これによると、海外駐在員にとって最も生活費の高い都市は、アフリカ南西部の国、アンゴラの首都ルアンダだった。物価とセキュリティのコストが高いためであるが、同市では2寝室のアパートの家賃が月4,800英ポンド(約67万円)で、ファースト・フードのハンバーガー・ミールの価格が11.5英ポンド(約1,600円)であるという。ルアンダは、昨年は2位だったが一昨年も1位だった。
これに対して最も生活費の安い209位はチュニジアの首都チュニスで、その上にキルギスの首都ビシュケク、マケドニアの首都スコピエが続いた。

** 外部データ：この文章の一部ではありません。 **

text \<open>
  On the event that all sampled indices lie below m = \<lceil>N^\<gamma>\<rceil>, the sum S of the sampled
  atoms satisfies w(m-1) \<le> S \<le> N w(0). Hence |ln S| > t forces either w(0) > e^t / N,
  which has probability at most N e^-t, or w(m-1) < e^-t, i.e. fewer than m atoms above e^-t,
  a Poisson lower tail of mean e^t that is at most e^-t once t \<ge> 3 ln (2m + 2).
  Writing |ln S|^\<eta> \<le> K + #{j. K + j < |ln S|^\<eta>} with K = \<lceil>N^\<eta>'\<rceil> and integrating over E(N)
  bounds the expectation by K P(E(N)) + (N + 1) \<Sum>j. exp (-(K + j)^(1/\<eta>)); the first term
  vanishes by hypothesis and the second decays faster than any power of N.
\<close>

lemma ppp_intensity_atLeast:
  assumes "(c::real) > 0"
  shows "ppp_intensity {c..} = ennreal (1 / c)"
proof -
  have "ppp_intensity {c..} = (\<integral>\<^sup>+x. ennreal (1 / x\<^sup>2) * indicator {c..} x \<partial>lborel)"
    unfolding ppp_intensity_def by (simp add: mult.commute)
  also have "\<dots> = ennreal (0 - (- 1 / c))"
    by (rule nn_integral_FTC_atLeast[where F = "\<lambda>x. - 1 / x"])
      (use assms in \<open>auto intro!: derivative_eq_intros simp: power2_eq_square, real_asymp\<close>)
  finally show ?thesis by simp
qed

lemma is_ppp_inv_sq_atLeast:
  assumes "is_ppp_inv_sq M w" and "(c::real) > 0"
  shows "AE x in M. finite {i. w i x \<in> {c..}}"
    and "measure M {x \<in> space M. ppp_count w {c..} x = k} = exp (- (1 / c)) * (1 / c) ^ k / fact k"
proof -
  have "{c..} \<subseteq> {0<..}" using assms(2) by auto
  then have "(AE x in M. finite {i. w i x \<in> {c..}}) \<and>
        (\<forall>k::nat. measure M {x \<in> space M. ppp_count w {c..} x = k}
           = (let \<mu> = 1 / c in exp (- \<mu>) * \<mu> ^ k / fact k))"
    using assms(1)[unfolded is_ppp_inv_sq_def, THEN conjunct2, THEN conjunct2,
        rule_format, of 1 "\<lambda>_. {c..}"] assms(2)
    by (simp add: ppp_intensity_atLeast disjoint_family_on_def)
  then show "AE x in M. finite {i. w i x \<in> {c..}}"
    and "measure M {x \<in> space M. ppp_count w {c..} x = k} = exp (- (1 / c)) * (1 / c) ^ k / fact k"
    by (simp_all add: Let_def)
qed

text \<open>Measurability is not part of the definition; it follows because the event has positive
  probability, whereas non-measurable sets are assigned measure 0.\<close>
lemma ppp_count_atLeast_sets:
  assumes "is_ppp_inv_sq M w" and "(c::real) > 0"
  shows "{x \<in> space M. ppp_count w {c..} x = k} \<in> sets M"
proof (rule ccontr)
  assume "{x \<in> space M. ppp_count w {c..} x = k} \<notin> sets M"
  then have "measure M {x \<in> space M. ppp_count w {c..} x = k} = 0"
    by (rule measure_notin_sets)
  with is_ppp_inv_sq_atLeast(2)[OF assms, of k] assms(2) show False by simp
qed

lemma is_ppp_inv_sq_AE_pos_decseq:
  assumes "is_ppp_inv_sq M w"
  shows "AE x in M. (\<forall>i. 0 < w i x) \<and> decseq (\<lambda>i. w i x)"
proof -
  have "AE x in M. \<forall>i. 0 < w i x \<and> w (Suc i) x < w i x"
    using assms unfolding is_ppp_inv_sq_def by blast
  then show ?thesis
    by (rule eventually_mono) (auto intro: decseq_SucI less_imp_le)
qed

lemma ppp_first_atom_tail:
  assumes "prob_space M" and "is_ppp_inv_sq M w" and "(c::real) > 0"
  shows "measure M {x \<in> space M. c < w 0 x} \<le> 1 / c"
proof -
  interpret prob_space M by fact
  let ?Z = "{x \<in> space M. ppp_count w {c..} x = 0}"
  have Z: "?Z \<in> sets M" using ppp_count_atLeast_sets[OF assms(2,3)] .
  have "measure M {x \<in> space M. c < w 0 x} \<le> measure M (space M - ?Z)"
  proof (rule finite_measure_mono_AE)
    show "AE x in M. x \<in> {x \<in> space M. c < w 0 x} \<longrightarrow> x \<in> space M - ?Z"
      using is_ppp_inv_sq_atLeast(1)[OF assms(2,3)]
    proof (rule eventually_mono, intro impI)
      fix x assume "finite {i. w i x \<in> {c..}}" and "x \<in> {x \<in> space M. c < w 0 x}"
      then show "x \<in> space M - ?Z" by (auto simp: ppp_count_def) (meson less_imp_le)
    qed
  qed (use Z in auto)
  also have "\<dots> = 1 - exp (- (1 / c))"
    using prob_compl[OF Z] is_ppp_inv_sq_atLeast(2)[OF assms(2,3), of 0] by simp
  also have "\<dots> \<le> 1 / c" using exp_ge_add_one_self[of "- (1 / c)"] by simp
  finally show ?thesis .
qed

lemma ppp_atom_lower_tail:
  assumes "prob_space M" and "is_ppp_inv_sq M w" and "(s::real) > 0" and "m \<ge> 1"
  shows "measure M {x \<in> space M. w (m - 1) x < s}
           \<le> (\<Sum>k<m. exp (- (1 / s)) * (1 / s) ^ k / fact k)"
proof -
  interpret prob_space M by fact
  let ?Z = "\<lambda>k. {x \<in> space M. ppp_count w {s..} x = k}"
  have Z: "?Z k \<in> sets M" for k using ppp_count_atLeast_sets[OF assms(2,3)] .
  have "measure M {x \<in> space M. w (m - 1) x < s} \<le> measure M (\<Union>k<m. ?Z k)"
  proof (rule finite_measure_mono_AE)
    show "AE x in M. x \<in> {x \<in> space M. w (m - 1) x < s} \<longrightarrow> x \<in> (\<Union>k<m. ?Z k)"
      using is_ppp_inv_sq_AE_pos_decseq[OF assms(2)]
    proof (rule eventually_mono, intro impI)
      fix x assume "(\<forall>i. 0 < w i x) \<and> decseq (\<lambda>i. w i x)"
        and x: "x \<in> {x \<in> space M. w (m - 1) x < s}"
      then have dec: "decseq (\<lambda>i. w i x)" by blast
      have "{i. w i x \<in> {s..}} \<subseteq> {..<m - 1}"
      proof
        fix i assume "i \<in> {i. w i x \<in> {s..}}"
        then show "i \<in> {..<m - 1}"
          using x decseqD[OF dec, of "m - 1" i] by (cases "i < m - 1") auto
      qed
      then have "ppp_count w {s..} x \<le> m - 1"
        unfolding ppp_count_def by (metis card_lessThan card_mono finite_lessThan)
      then show "x \<in> (\<Union>k<m. ?Z k)" using x assms(4) by auto
    qed
  qed (use Z in auto)
  also have "\<dots> \<le> (\<Sum>k<m. measure M (?Z k))" by (rule measure_UNION_le) (use Z in auto)
  also have "\<dots> = (\<Sum>k<m. exp (- (1 / s)) * (1 / s) ^ k / fact k)"
    using is_ppp_inv_sq_atLeast(2)[OF assms(2,3)] by simp
  finally show ?thesis .
qed

lemma power_div_fact_le_exp:
  assumes "0 \<le> (x::real)"
  shows "x ^ n / fact n \<le> exp x"
proof -
  have "(\<Sum>i\<in>{n}. x ^ i /\<^sub>R fact i) \<le> (\<Sum>i. x ^ i /\<^sub>R fact i)"
    by (rule sum_le_suminf) (use assms summable_exp_generic[of x] in auto)
  then show ?thesis by (simp add: exp_def divide_inverse mult.commute)
qed

text \<open>Compare with the single term l^n / n! of exp l for n = 2m + 2, using n! \<le> n^n.\<close>
lemma mult_power_Suc_le_exp:
  fixes l :: real
  assumes "(2 * real m + 2) ^ 3 \<le> l"
  shows "real m * l ^ (m + 1) \<le> exp l"
proof -
  define q where "q = 2 * real m + 2"
  define n where "n = 2 * m + 2"
  have q2: "q \<ge> 2" and qn: "q = real n" by (simp_all add: q_def n_def)
  have l1: "l \<ge> 1" using assms q2 unfolding q_def[symmetric] by (smt (verit) one_le_power)
  have "real m * fact n \<le> q * q ^ n"
    using fact_le_power[of n] q2 qn by (intro mult_mono) (auto simp: q_def)
  also have "\<dots> = q ^ (n + 1)" by simp
  also have "\<dots> \<le> q ^ (3 * (m + 1))" using q2 by (intro power_increasing) (auto simp: n_def)
  also have "\<dots> = (q ^ 3) ^ (m + 1)" by (simp only: power_mult)
  also have "\<dots> \<le> l ^ (m + 1)" using assms q2 by (intro power_mono) (auto simp: q_def)
  finally have "real m * l ^ (m + 1) * fact n \<le> l ^ (m + 1) * l ^ (m + 1)"
    using l1 by (simp add: mult_left_mono mult.commute mult.left_commute)
  also have "\<dots> = l ^ n" by (simp add: n_def power_add[symmetric] mult_2)
  also have "\<dots> \<le> exp l * fact n"
    using power_div_fact_le_exp[of l n] l1 by (simp add: divide_le_eq)
  finally show ?thesis by simp
qed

トップ10は以下のとおり(カッコ内は2016年の順位)。
1.ルアンダ(アンゴラ)(2)
2.香港(1)
3.東京(日本)(5)
4.チューリヒ(スイス)(3)
5.シンガポール(4)
6.ソウル(韓国)(15)
7.ジュネーブ(スイス)(8)
8.上海(中国)(7)
9.ニューヨーク(米国)(11)
10.ベルン(スイス)(13)
アジアの都市がランキング上位を占めており、トップ10には5都市が入った。ソウルは15位から6位へ9ランク上昇してトップ10入りしている。一方、北京は1ランク落として11位となった。「多くのアジアの都市が上位となっているが、香港やシンガポールなどの主要な金融センターが人材を引き付け、最も選ばれる駐在先であることには変わりない。」とマーサーのコンサルタントは強調した。
また「今年の傾向は、主に米ドルに対する自国通貨の価値の変動の影響が大きいことであるが、インドのムンバイのように強い経済と成長機会により大きく上昇した都市も見られる。」とも説明している。元がドルに対して弱くなり、殆どの中国の都市がランキングを落とす一方、日本の諸都市は強い円、駐在員経費の高さ、ダイナミックな不動産市場などから上昇した。ムンバイは急速な経済成長やインフレにより、25ランク上がって57位となっている。ちなみにインドの首都ニューデリーは99位だった。
アジア以外では、スイスの都市がトップ10に3都市入った。ベルンは米国のニューヨークとともに、今年トップ10に再びランクインしている。オーストラリアドルの上昇により、シドニーが17ランク上がって台北と並んで25位となり、メルボルンとパースもトップ50入りした。ロシアのルーブルの上昇で、モスクワとサンクトペテルスブルクはそれぞれ14位、36位に上昇している。
英国の諸都市は今年かなり順位を下げている。ロンドンは昨年の17位から13ランク下げて30位となった。マーサー社によれば、EUからの離脱の決定による英ポンドの下落が影響しているという。